BFI turned to science. The “channel morphology” of the new stream, it noted in a report, would be a “broad, cobbled streambed” displaying a “sinuous pattern,” with water flows regulated at “5-10 cubic feet per second,” the plantings exactly “4.2 acres of streamzone species,” and no less than “22.4 acres of riparian, woodland and associated meadow species.” Gophers would be monitored, $5 million spent. All this and more was done, and on April 15, a valve beneath the Colorado Street bridge was opened and the second Arroyo Seco stream poured forth. At that point, science stopped and nature took over.
A couple weeks ago, a biologist named Mickey Long--an old friend and former champion of Roland Case Ross--walked the banks of the Arroyo Seco stream. Long pointed out Arroyo willows, cattails, mulefat and umbrella sedge, some of which was post-BFI, brought in by air or water current. “It’s not as easy as just bulldozing a channel to create a stream,” Long said, looking over a still pool, “but it is true that if you bring the water, they will come.”
And there they were, assembled plein-water: colonies of aquatic snails, two species of frogs, schools of small fish darting through larger pools, every stream bug imaginable. Near the headwaters, a pair of mallard ducks floated across a quiet stretch by a white alder. How they had each arrived, however, made science stutter. BFI had pored over archival photographs of the early arroyo when it made its plant and channel morphology choices. But there was no record of the secret life of vertebrates and invertebrates, and no one knew, exactly, what would happen when water was restored. Would life systems just magically arrange themselves? In a former dusty field of weeds, within a period of three months, that is what seems to have happened in the Arroyo Seco.

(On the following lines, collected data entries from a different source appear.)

(* (Backward transformation compatible with substitutions.) If $\Delta;\Gamma,x{:}A\vdash M:B$ and $\Delta;\Gamma\vdash N:A$ in DCC, then $(M[N/x])^\circ=M^\circ[N^\circ/x]$.
   Context: DCC: expressions $x\mid U_i\mid\Pi x{:}A.B\mid L@M\mid\ell_i\{\overline M\}$ (label names $\ell_i$, lists $\overline M=M_1,\dots,M_n$); type contexts $\Gamma$; label contexts $\Delta::=\cdot\mid\Delta,\ell_i(\{\overline x{:}\overline A\},x{:}A\mapsto L:B)$; substitution standard with $\ell\{\overline M\}[N/x]=\ell\{\overline{M[N/x]}\}$; typing $\Delta;\Gamma\vdash M:A$ by the CC-style rules for variables, universes ($U_i:U_{i+1}$), $\Pi$, application $M@N:B[N/x]$ and conversion, plus: if $\Delta;\Gamma$ is well formed, $\ell(\{\overline x{:}\overline A\},x{:}A\mapsto M:B)\in\Delta$, $|\overline M|=|\overline x|$ and $\Delta;\Gamma\vdash M_k:A_k[M_1/x_1,\dots,M_{k-1}/x_{k-1}]$ for all $k$, then $\Delta;\Gamma\vdash\ell\{\overline M\}:\Pi x{:}A[\overline M/\overline x].B[\overline M/\overline x]$; well-formed label entries satisfy $\Delta;\overline x{:}\overline A,x{:}A\vdash L:B$. Backward transformation to CC (expressions $x\mid U_i\mid\Pi x{:}A.B\mid L\,M\mid\lambda x{:}A.M$), defined on well-typed DCC terms relative to $\Delta$: $x^\circ=x$, $U_i^\circ=U_i$, $(\Pi x{:}A.B)^\circ=\Pi x{:}A^\circ.B^\circ$, $(M@N)^\circ=M^\circ\,N^\circ$, and $(\ell\{\overline M\})^\circ=\lambda x{:}A^\circ[\overline{M^\circ}/\overline x].\,L^\circ[\overline{M^\circ}/\overline x]$ where $\ell(\{\overline x{:}\overline A\},x{:}A\mapsto L:B)\in\Delta$; it acts pointwise on type contexts. *)

theory Defs
  imports Main
begin

datatype dterm =
    DVar nat
  | DU nat
  | DPi dterm dterm
  | DApp dterm dterm
  | DLab nat "dterm list"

A house finch landed nearby and Long said, “You know, Ross’ secret dream was always to blow up the concrete channel.” For a long time in the 1970s, Ross tried to interest Pasadena in nonexplosive options of Arroyo Seco restoration, but they considered him an unusual fellow and ignored him. “This is not as holistic as Ross would have wished,” the biologist said as the finch took a drink. “But generally, I think he would have liked it.”